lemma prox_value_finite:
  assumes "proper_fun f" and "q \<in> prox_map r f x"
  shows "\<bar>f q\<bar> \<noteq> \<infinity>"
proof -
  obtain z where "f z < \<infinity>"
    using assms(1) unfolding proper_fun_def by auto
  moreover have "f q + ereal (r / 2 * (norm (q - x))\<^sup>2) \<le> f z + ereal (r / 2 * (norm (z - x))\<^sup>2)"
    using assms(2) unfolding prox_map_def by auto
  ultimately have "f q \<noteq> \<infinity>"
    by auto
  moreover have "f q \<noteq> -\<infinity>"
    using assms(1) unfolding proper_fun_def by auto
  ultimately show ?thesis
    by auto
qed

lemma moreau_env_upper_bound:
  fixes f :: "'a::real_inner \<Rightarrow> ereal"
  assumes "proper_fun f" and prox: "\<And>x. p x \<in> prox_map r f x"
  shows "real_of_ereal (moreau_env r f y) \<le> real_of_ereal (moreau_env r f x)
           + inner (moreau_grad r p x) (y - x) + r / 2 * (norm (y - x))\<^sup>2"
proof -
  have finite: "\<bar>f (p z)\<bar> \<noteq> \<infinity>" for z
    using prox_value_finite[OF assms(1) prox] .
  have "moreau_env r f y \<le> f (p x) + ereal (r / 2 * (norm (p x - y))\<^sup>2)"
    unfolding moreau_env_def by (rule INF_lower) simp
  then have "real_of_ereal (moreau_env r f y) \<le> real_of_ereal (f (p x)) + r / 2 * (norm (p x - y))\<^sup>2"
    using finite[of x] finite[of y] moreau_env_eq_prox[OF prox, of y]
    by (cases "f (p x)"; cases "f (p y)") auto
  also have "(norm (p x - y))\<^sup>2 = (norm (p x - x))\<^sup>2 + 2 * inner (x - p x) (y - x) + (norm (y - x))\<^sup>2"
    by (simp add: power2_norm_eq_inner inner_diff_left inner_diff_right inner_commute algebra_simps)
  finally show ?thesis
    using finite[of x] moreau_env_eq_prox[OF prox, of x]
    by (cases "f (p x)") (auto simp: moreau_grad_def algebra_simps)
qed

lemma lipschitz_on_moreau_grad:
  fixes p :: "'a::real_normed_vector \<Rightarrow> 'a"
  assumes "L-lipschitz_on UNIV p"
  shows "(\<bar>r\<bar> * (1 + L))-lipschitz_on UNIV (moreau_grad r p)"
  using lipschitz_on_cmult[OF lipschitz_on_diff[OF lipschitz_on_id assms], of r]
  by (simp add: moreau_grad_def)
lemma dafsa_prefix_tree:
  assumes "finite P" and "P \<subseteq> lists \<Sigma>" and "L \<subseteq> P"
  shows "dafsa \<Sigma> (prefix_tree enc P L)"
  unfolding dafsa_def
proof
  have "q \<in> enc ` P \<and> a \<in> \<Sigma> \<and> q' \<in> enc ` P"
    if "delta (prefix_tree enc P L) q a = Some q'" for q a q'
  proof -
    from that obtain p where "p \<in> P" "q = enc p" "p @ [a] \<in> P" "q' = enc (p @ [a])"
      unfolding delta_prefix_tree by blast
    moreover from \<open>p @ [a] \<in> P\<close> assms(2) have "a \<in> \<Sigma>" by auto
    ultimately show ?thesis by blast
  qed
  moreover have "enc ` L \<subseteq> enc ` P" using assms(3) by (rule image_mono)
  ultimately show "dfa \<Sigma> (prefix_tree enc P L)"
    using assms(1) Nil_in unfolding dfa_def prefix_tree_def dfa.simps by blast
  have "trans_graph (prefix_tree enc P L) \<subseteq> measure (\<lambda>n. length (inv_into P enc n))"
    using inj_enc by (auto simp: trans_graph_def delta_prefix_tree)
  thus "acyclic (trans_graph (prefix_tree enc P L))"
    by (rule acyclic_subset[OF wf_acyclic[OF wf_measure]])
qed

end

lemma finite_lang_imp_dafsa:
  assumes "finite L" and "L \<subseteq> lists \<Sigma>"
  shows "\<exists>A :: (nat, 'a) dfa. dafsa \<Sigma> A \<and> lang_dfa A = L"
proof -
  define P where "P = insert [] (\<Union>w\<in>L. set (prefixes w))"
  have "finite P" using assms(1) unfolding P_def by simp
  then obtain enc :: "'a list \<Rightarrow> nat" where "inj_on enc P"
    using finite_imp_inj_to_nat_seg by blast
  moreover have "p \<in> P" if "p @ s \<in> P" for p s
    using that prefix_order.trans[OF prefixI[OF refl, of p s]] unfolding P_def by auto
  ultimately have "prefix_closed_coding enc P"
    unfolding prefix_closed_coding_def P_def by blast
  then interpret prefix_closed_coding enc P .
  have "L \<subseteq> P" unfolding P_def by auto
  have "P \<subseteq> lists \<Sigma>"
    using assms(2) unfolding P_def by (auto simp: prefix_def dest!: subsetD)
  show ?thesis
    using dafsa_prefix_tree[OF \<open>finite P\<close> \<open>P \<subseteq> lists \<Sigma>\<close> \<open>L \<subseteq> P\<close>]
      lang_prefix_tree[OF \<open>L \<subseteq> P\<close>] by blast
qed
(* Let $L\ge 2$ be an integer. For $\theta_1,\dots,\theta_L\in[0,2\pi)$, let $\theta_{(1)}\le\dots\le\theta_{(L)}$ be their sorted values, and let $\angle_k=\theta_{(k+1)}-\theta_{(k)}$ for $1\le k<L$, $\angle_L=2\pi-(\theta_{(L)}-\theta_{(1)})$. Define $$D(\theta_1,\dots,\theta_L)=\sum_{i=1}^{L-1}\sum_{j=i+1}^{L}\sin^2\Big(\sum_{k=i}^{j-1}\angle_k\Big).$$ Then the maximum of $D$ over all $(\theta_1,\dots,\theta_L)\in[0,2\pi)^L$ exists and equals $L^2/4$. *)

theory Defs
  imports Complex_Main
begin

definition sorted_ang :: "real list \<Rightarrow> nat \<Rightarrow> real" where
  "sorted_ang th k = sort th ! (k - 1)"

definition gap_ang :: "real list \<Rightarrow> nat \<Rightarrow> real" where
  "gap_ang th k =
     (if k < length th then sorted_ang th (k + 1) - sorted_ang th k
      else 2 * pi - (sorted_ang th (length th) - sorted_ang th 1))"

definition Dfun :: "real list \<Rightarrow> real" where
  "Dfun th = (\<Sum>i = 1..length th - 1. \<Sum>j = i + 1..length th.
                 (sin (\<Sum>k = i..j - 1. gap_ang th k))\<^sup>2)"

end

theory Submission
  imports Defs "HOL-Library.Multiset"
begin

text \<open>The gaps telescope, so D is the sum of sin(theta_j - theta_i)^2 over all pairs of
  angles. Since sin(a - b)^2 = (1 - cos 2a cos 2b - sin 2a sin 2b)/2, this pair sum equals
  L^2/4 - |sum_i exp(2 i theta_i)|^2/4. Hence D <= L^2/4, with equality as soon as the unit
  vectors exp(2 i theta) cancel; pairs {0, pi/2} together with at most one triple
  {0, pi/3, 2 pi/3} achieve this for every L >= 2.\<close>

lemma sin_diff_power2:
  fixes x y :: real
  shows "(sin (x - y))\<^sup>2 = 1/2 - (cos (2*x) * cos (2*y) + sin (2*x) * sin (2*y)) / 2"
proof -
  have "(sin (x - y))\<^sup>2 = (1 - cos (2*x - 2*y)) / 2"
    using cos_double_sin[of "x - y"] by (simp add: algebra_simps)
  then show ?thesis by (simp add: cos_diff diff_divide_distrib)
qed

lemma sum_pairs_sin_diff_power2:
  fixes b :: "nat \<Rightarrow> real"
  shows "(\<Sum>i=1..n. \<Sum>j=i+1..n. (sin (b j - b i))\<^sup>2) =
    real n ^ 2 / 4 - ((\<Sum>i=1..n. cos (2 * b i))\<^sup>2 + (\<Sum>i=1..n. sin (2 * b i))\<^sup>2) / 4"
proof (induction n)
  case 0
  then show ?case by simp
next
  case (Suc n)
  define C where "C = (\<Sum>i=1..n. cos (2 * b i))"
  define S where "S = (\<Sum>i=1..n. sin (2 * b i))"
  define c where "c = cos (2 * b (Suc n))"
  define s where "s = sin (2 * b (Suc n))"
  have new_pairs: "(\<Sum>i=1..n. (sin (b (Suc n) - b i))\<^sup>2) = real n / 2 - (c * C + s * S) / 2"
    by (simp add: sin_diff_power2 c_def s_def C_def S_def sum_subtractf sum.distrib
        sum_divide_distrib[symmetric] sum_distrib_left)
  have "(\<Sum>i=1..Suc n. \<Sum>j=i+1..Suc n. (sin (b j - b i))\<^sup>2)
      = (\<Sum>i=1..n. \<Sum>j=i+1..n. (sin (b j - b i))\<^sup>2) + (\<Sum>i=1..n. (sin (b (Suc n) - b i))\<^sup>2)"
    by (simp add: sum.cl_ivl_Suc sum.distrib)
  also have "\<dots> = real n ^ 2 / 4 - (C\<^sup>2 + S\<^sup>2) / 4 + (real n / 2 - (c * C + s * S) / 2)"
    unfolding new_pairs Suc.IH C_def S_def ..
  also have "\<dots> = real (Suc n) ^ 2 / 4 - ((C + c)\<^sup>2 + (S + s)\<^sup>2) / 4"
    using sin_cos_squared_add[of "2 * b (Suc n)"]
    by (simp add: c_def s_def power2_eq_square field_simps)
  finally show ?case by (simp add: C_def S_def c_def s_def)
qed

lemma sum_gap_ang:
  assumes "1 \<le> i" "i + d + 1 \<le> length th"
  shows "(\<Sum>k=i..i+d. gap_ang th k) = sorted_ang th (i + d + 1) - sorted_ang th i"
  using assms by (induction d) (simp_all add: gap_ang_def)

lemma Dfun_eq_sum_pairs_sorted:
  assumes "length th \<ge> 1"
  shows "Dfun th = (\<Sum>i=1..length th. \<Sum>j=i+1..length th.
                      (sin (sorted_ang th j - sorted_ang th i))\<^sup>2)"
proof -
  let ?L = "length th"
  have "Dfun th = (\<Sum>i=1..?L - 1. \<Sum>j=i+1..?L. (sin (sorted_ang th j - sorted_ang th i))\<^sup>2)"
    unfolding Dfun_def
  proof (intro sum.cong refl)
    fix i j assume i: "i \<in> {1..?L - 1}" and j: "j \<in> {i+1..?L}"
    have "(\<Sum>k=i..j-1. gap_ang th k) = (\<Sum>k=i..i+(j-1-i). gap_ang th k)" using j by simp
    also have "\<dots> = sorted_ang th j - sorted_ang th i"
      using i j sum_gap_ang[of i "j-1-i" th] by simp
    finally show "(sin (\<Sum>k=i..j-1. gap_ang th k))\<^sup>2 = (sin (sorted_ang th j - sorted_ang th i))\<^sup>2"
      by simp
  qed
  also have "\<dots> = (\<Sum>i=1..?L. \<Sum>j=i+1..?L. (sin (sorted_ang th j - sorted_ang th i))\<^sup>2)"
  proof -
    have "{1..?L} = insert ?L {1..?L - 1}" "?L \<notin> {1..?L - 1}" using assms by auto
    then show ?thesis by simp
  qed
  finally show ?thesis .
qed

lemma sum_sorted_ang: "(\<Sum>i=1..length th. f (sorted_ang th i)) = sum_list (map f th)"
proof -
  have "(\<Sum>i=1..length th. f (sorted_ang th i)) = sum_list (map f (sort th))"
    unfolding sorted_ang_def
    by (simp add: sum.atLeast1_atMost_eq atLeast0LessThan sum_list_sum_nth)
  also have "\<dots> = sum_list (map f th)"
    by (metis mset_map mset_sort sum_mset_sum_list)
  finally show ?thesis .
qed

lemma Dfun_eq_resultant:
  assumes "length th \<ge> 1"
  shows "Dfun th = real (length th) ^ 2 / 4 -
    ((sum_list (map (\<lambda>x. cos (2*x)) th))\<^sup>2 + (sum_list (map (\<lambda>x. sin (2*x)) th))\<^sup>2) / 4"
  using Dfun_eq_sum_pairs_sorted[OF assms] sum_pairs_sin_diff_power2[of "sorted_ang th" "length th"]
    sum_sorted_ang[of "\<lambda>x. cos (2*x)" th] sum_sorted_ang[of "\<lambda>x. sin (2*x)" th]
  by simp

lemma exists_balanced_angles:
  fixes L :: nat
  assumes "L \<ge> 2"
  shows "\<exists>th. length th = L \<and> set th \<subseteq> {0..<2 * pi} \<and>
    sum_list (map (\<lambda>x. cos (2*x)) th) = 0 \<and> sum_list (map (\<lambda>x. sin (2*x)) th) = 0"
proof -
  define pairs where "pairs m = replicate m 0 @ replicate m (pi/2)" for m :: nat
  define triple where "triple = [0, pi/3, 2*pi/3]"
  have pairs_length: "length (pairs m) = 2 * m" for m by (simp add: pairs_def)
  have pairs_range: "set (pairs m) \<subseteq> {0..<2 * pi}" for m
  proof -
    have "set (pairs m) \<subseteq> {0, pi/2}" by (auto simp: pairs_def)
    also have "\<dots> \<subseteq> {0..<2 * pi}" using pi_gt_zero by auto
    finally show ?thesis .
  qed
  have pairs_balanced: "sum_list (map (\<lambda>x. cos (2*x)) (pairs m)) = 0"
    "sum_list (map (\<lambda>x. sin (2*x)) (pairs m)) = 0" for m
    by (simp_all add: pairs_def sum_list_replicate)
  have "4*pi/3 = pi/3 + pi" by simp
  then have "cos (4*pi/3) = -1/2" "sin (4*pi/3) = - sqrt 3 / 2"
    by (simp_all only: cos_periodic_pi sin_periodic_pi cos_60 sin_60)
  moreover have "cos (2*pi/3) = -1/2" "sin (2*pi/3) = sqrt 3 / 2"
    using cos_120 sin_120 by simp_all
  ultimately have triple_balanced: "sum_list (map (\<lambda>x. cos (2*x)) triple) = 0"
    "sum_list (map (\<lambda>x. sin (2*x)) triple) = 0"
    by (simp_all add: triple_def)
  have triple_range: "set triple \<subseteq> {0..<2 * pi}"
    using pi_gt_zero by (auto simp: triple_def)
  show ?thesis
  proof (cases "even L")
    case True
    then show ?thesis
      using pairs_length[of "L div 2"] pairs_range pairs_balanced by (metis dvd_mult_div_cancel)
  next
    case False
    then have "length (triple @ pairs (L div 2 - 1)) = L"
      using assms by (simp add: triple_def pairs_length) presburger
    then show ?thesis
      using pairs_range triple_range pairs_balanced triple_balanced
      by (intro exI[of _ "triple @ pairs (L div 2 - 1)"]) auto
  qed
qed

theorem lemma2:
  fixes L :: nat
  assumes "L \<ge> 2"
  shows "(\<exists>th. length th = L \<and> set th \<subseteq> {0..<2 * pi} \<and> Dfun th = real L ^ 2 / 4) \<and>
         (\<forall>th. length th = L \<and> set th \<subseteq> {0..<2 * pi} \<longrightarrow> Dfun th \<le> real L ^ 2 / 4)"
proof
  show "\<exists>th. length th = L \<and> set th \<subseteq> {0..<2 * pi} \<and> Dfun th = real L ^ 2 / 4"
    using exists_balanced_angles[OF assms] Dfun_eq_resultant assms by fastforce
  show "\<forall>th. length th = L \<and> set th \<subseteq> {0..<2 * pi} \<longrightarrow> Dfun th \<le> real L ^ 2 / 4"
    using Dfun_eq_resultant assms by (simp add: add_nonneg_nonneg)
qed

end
────────────────────
## TASK STATEMENT
Across the listing above, count every line containing the string "definition" and give the result with no comment.

## YOUR RESPONSE
3